(Saved data entries)
- - -
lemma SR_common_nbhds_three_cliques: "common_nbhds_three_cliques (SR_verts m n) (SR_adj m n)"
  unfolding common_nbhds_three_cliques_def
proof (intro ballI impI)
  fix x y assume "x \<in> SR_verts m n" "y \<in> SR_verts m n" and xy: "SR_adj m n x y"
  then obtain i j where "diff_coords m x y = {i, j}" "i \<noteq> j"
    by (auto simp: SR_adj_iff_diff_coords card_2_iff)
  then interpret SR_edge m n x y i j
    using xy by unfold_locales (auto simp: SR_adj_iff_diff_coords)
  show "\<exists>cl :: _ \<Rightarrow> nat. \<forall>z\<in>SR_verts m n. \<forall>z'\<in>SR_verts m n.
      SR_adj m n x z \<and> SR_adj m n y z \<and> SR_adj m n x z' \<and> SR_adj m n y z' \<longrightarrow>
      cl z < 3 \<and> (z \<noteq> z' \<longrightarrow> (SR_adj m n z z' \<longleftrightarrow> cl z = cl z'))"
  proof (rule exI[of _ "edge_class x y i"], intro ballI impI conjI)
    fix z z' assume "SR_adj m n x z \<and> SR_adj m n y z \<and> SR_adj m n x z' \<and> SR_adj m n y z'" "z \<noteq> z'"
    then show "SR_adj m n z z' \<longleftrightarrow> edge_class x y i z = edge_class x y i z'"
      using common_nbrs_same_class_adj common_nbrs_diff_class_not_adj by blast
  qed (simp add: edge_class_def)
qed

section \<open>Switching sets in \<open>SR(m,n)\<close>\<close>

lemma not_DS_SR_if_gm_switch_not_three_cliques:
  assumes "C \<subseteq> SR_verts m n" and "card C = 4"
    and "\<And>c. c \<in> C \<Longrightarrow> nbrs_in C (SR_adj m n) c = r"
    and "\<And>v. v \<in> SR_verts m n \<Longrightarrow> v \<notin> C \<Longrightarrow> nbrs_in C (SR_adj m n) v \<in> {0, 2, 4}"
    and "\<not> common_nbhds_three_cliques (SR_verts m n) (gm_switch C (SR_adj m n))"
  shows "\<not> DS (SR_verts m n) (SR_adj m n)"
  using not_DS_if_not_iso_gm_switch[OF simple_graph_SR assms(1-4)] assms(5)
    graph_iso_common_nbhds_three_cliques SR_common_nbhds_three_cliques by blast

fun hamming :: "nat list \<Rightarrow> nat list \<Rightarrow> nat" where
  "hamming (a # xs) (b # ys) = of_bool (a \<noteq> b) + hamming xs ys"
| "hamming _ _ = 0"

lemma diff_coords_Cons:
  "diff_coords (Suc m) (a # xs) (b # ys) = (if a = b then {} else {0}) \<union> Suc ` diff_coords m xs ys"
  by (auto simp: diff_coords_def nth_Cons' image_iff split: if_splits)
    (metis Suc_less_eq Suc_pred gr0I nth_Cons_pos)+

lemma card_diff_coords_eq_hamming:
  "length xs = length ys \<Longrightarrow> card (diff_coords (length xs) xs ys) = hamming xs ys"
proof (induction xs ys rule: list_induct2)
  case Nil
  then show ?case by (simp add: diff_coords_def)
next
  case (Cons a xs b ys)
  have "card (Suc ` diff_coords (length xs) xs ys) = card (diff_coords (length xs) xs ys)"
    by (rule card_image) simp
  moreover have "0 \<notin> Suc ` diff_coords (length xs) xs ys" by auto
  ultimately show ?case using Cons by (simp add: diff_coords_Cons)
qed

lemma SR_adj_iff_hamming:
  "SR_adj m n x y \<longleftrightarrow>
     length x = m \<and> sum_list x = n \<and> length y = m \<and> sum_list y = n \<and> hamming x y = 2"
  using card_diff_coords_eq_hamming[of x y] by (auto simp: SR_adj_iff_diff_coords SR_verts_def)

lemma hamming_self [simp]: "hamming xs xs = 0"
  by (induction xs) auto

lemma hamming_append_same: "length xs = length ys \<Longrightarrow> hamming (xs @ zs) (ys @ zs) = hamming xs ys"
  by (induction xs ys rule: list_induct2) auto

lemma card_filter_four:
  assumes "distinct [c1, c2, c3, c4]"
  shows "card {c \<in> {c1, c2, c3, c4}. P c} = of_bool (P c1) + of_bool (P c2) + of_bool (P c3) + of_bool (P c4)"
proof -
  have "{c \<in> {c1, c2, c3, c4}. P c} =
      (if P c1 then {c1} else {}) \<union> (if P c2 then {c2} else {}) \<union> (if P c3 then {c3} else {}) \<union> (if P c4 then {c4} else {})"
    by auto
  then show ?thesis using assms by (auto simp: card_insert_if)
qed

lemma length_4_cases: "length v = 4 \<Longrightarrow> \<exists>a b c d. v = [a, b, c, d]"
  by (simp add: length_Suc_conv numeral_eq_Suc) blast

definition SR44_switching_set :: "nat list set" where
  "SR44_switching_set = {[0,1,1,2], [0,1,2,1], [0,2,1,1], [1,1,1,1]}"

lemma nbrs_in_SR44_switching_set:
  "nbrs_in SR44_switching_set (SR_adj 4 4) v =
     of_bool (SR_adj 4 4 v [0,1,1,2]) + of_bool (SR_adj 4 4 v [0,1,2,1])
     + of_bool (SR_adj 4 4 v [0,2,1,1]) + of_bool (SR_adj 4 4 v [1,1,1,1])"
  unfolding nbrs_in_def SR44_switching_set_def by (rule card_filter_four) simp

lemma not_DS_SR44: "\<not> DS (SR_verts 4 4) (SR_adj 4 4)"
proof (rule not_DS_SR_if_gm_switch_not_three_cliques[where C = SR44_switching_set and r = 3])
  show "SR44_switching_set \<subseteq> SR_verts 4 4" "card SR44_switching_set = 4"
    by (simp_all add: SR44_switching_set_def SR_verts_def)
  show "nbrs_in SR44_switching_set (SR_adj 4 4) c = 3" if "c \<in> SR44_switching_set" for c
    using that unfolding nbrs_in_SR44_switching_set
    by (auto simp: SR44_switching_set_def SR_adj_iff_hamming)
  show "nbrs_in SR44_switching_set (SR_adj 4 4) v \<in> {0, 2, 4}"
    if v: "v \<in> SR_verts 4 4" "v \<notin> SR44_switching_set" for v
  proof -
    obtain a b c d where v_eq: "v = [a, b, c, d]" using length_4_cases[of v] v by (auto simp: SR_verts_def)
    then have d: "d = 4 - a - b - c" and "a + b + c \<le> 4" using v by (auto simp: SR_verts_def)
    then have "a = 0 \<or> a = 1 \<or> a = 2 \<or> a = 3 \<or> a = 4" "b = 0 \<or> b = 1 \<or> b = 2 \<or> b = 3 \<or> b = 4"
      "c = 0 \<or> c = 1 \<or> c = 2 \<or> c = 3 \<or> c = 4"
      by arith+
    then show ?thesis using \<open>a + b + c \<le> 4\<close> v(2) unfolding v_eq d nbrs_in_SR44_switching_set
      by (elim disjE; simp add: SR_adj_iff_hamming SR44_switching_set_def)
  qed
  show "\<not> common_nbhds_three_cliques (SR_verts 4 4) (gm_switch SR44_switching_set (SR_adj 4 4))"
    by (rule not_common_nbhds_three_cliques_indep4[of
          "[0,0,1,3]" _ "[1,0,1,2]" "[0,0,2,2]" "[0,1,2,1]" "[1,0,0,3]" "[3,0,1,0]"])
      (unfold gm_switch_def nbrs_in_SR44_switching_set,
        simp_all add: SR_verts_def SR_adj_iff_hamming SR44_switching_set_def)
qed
- - -
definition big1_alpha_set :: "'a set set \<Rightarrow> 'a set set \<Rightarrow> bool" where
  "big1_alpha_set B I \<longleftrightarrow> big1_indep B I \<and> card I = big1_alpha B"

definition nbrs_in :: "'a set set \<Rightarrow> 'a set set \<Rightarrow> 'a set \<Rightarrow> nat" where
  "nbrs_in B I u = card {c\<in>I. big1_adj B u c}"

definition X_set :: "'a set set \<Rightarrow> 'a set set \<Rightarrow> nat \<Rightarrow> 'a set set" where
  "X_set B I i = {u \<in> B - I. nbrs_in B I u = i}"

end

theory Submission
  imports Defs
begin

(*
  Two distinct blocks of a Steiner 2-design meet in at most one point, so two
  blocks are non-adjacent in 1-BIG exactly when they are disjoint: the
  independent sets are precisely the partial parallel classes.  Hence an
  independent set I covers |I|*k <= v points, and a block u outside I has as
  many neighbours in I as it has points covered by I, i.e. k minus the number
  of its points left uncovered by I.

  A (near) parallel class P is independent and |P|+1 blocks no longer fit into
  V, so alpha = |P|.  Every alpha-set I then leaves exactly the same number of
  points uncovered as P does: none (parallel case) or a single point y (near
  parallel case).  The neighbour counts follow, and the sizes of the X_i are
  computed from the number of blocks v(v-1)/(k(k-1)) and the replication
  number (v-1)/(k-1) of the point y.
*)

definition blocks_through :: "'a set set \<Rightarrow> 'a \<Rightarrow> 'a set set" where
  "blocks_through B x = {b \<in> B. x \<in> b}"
- - -
§ To do: Among the lines above, the ones holding the word "induction" must be counted; only that count is to be given.

§ The answer: 3